“Redwood Highway” may seem a misnomer at the beginning of the legendary byway, but within a few short miles south and eventually, northeast of Scopa at the Sea, Giant Redwoods beckon visitors out of their vehicles at Howland Hill Road. This short drive provides access to numerous local destinations including trail heads and pull-outs. Visitors can enjoy an intimate encounter with old-growth redwoods on Boy Scout Tree Trail as well as the entry to Jedidiah Smith Redwoods State Park.
The iconic Jedidiah Smith Redwoods State Park overwhelms with a protected space of nearly 10,000 acres of behemoth Redwoods. Seemingly countless miles of accessible trails wind through Jedidiah-Smith Park to offer an even closer look at the majestic setting. The Smith River travels through the center of the Park offering another layer of texture and tone to the already stimulating setting. Stout Memorial Grove is home to the tallest redwood within the Park boundaries. The iconic tree towers at 340 feet in height and 22 feet in diameter. While most roads within the Park are sometimes narrow and paved, unpaved alternative routes are also often open to visitors.

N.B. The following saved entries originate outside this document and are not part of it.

lemma curvature_tensor_add:
  assumes A: "curvature_tensor A" and B: "curvature_tensor B"
  shows "curvature_tensor (\<lambda>x y z u. A x y z u + B x y z u)"
proof -
  note A' = curvature_tensorD[OF A] and B' = curvature_tensorD[OF B]
  have "A x y z u + B x y z u = - (A y x z u + B y x z u)"
    and "A x y z u + B x y z u = - (A x y u z + B x y u z)"
    and "A x y z u + B x y z u = A z u x y + B z u x y"
    and "A x y z u + B x y z u + (A y z x u + B y z x u) + (A z x y u + B z x y u) = 0" for x y z u
    using A'(2-5)[of x y z u] B'(2-5)[of x y z u] by linarith+
  then show ?thesis
    unfolding curvature_tensor_def using multilinear4_add[OF A'(1) B'(1)] by blast
qed

lemma curvature_tensor_scale:
  assumes A: "curvature_tensor A"
  shows "curvature_tensor (\<lambda>x y z u. c * A x y z u)"
proof -
  note A' = curvature_tensorD[OF A]
  have "c * A x y z u = - (c * A y x z u)" and "c * A x y z u = - (c * A x y u z)"
    and "c * A x y z u = c * A z u x y"
    and "c * A x y z u + c * A y z x u + c * A z x y u = 0" for x y z u
    using A'(2-4)[of x y z u] arg_cong[OF A'(5)[of x y z u], of "(*) c"]
    by (simp_all add: algebra_simps)
  then show ?thesis
    unfolding curvature_tensor_def using multilinear4_scale[OF A'(1)] by blast
qed

lemma ricci_add [simp]:
  "ricci (\<lambda>x y z u. A x y z u + B x y z u) y z = ricci A y z + ricci B y z"
  unfolding ricci_def by (simp add: sum.distrib)

lemma ricci_scale [simp]: "ricci (\<lambda>x y z u. c * A x y z u) y z = c * ricci A y z"
  unfolding ricci_def by (simp add: sum_distrib_left)

lemma Rprime_add [simp]:
  "Rprime J (\<lambda>x y z u. A x y z u + B x y z u) = (\<lambda>x y z u. Rprime J A x y z u + Rprime J B x y z u)"
  unfolding Rprime_def ..

lemma Rprime_scale [simp]:
  "Rprime J (\<lambda>x y z u. c * A x y z u) = (\<lambda>x y z u. c * Rprime J A x y z u)"
  unfolding Rprime_def ..

lemma RK_cond_add:
  "RK_cond J A \<Longrightarrow> RK_cond J B \<Longrightarrow> RK_cond J (\<lambda>x y z u. A x y z u + B x y z u)"
  unfolding RK_cond_def by metis

lemma RK_cond_scale: "RK_cond J A \<Longrightarrow> RK_cond J (\<lambda>x y z u. c * A x y z u)"
  unfolding RK_cond_def by metis

lemma curvature_tensor_eq_0_if_sectional_eq_0:
  assumes D: "curvature_tensor D" and sec: "\<And>x y. D x y y x = 0"
  shows "D x y z u = 0"
proof -
  note simps = curvature_tensor_simps[OF D] and rev = curvature_tensor_reverse[OF D]
  have sec2: "D a y z a = 0" for a y z
    using sec[of a "y + z"] sec[of a y] sec[of a z] rev[of a z y a] by (simp add: simps)
  have skew: "D x y z u = - D x z y u" for x y z u
    using sec2[of "x + u" y z] sec2[of x y z] sec2[of u y z] rev[of u y z x] by (simp add: simps)
  show ?thesis
    using curvature_tensorD(5)[OF D, of x y z u] skew[of y z x u] curvature_tensorD(2)[OF D, of y x z u]
      curvature_tensorD(2)[OF D, of z x y u] skew[of x z y u]
    by linarith
qed

lemma curvature_tensor_R1: "curvature_tensor (R1 :: 'a::real_inner \<Rightarrow> _)"
proof -
  have "multilinear4 (R1 :: 'a \<Rightarrow> _)"
    unfolding multilinear4_def R1_def
    by (intro conjI allI linearI) (simp_all add: inner_add_left inner_add_right algebra_simps)
  then show ?thesis unfolding curvature_tensor_def by (simp add: R1_def inner_commute algebra_simps)
qed

lemma ricci_R1: "ricci R1 y (z::'a::euclidean_space) = (real DIM('a) - 1) * inner y z"
proof -
  have "linear (\<lambda>e. inner y e)" by (rule linearI) (simp_all add: inner_add_right)
  then have "(\<Sum>e\<in>Basis. inner e z * inner y e) = inner y z" by (rule sum_Basis_inner_linear)
  then show ?thesis
    unfolding ricci_def R1_def by (simp add: sum_subtractf inner_Basis algebra_simps)
qed

definition antihol_flat :: "('a::real_inner \<Rightarrow> 'a) \<Rightarrow> ('a \<Rightarrow> 'a \<Rightarrow> 'a \<Rightarrow> 'a \<Rightarrow> real) \<Rightarrow> bool" where
  "antihol_flat J D \<longleftrightarrow> (\<forall>x y. inner x y = 0 \<longrightarrow> inner (J x) y = 0 \<longrightarrow> D x y y x = 0)"

locale almost_hermitian_structure =
  fixes J :: "'a::euclidean_space \<Rightarrow> 'a"
  assumes almost_hermitian: "almost_hermitian J"
begin

lemma linear_J: "linear J"
  using almost_hermitian unfolding almost_hermitian_def by blast

lemma J_J [simp]: "J (J x) = - x"
  using almost_hermitian unfolding almost_hermitian_def by blast

lemma inner_J_J [simp]: "inner (J x) (J y) = inner x y"
  using almost_hermitian unfolding almost_hermitian_def by blast

lemma J_add [simp]: "J (a + b) = J a + J b"
  and J_diff [simp]: "J (a - b) = J a - J b"
  and J_scaleR [simp]: "J (r *\<^sub>R a) = r *\<^sub>R J a"
  and J_minus [simp]: "J (- a) = - J a"
  and J_zero [simp]: "J 0 = 0"
  by (simp_all add: linear_add linear_diff linear_scale linear_neg linear_0 linear_J)

lemma inner_J_left: "inner (J x) y = - inner x (J y)"
  using inner_J_J[of "J x" y] by simp

lemma inner_J_self [simp]: "inner (J x) x = 0" "inner x (J x) = 0"
  using inner_J_left[of x x] by (auto simp: inner_commute)

lemma RK_cond_R1: "RK_cond J R1"
  unfolding RK_cond_def R1_def by simp

lemma ricci_Rprime_R1: "ricci (Rprime J R1) y z = inner y z"
proof -
  have "linear (\<lambda>e. inner (J y) e)" by (rule linearI) (simp_all add: inner_add_right)
  then have "(\<Sum>e\<in>Basis. inner e (J z) * inner (J y) e) = inner (J y) (J z)"
    by (rule sum_Basis_inner_linear)
  then show ?thesis
    unfolding ricci_def Rprime_def R1_def using inner_J_left[of y] by simp
qed

lemma trace_J_invariant:
  fixes B :: "'a \<Rightarrow> 'a \<Rightarrow> real"
  assumes B: "bilinear B"
  shows "(\<Sum>e\<in>Basis. B (J e) (J e)) = (\<Sum>e\<in>Basis. B e e)"
proof -
  have lin_r: "linear (\<lambda>f. B p f)" and lin_J: "linear (\<lambda>e. B (J e) f)" for p f
    using B linear_compose[OF linear_J, of "\<lambda>x. B x f"] unfolding bilinear_def by (auto simp: o_def)
  have J_skew: "inner f (J e) = - inner e (J f)" for e f
    using inner_J_left[of f e] inner_commute[of "J f" e] by simp
  have "(\<Sum>e\<in>Basis. B (J e) (J e)) = (\<Sum>e\<in>Basis. \<Sum>f\<in>Basis. inner f (J e) * B (J e) f)"
    by (simp add: sum_Basis_inner_linear[OF lin_r])
  also have "\<dots> = (\<Sum>f\<in>Basis. \<Sum>e\<in>Basis. - (inner e (J f) * B (J e) f))"
    by (subst sum.swap, intro sum.cong refl) (metis J_skew mult_minus_left)
  also have "\<dots> = (\<Sum>f\<in>Basis. - B (J (J f)) f)"
    by (simp add: sum_negf sum_Basis_inner_linear[OF lin_J])
  also have "\<dots> = (\<Sum>f\<in>Basis. B f f)" by (simp add: bilinear_eqs[OF B])
  finally show ?thesis .
qed

lemma antihol_flat_orthogonal:
  assumes D: "curvature_tensor D" and flat: "antihol_flat J D"
    and "inner w a = 0" "inner (J w) a = 0" "inner w b = 0" "inner (J w) b = 0"
  shows "D w a b w = 0"
  using assms flat[unfolded antihol_flat_def, rule_format, of w "a + b"]
    flat[unfolded antihol_flat_def, rule_format, of w a] flat[unfolded antihol_flat_def, rule_format, of w b]
    curvature_tensor_reverse[OF D, of w b a w]
  by (simp add: curvature_tensor_simps[OF D] inner_add_right)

Click Here for a map of the park.
Scopa at the Sea guests often comment on travel through the commercial venue, “Trees of Mystery” or Prairie Creek Redwoods State Park as well as Humboldt Lagoon State Park, south on U.S.-101. Considered a side-trip before heading to Avenue of the Giants, hiking options are plentiful through old-growth groves with evidence of regional wildlife in view. Humboldt Lagoon State Park offers marshland habitat that supports an impressive variety of plants and birds.
The much touted Avenue of the Giants lives up to its name as 33 miles of roadway within the Humboldt Redwoods State Park provides access to California’s third-largest State Park. At 17,000 acres, it is the most expansive home to old-growth virgin redwood forest in the world and the infamous, “Drive Through Tree.” Designated nature hikes, picnic sites and camp locations are plentiful within the cool shadows of this ancient redwood forest. There are also countless spots from which visitors can access the Eel River for fishing, swimming and other water activities. Multiple small communities dot the roadway along this section of the Redwood Forest and are well-worth a visit.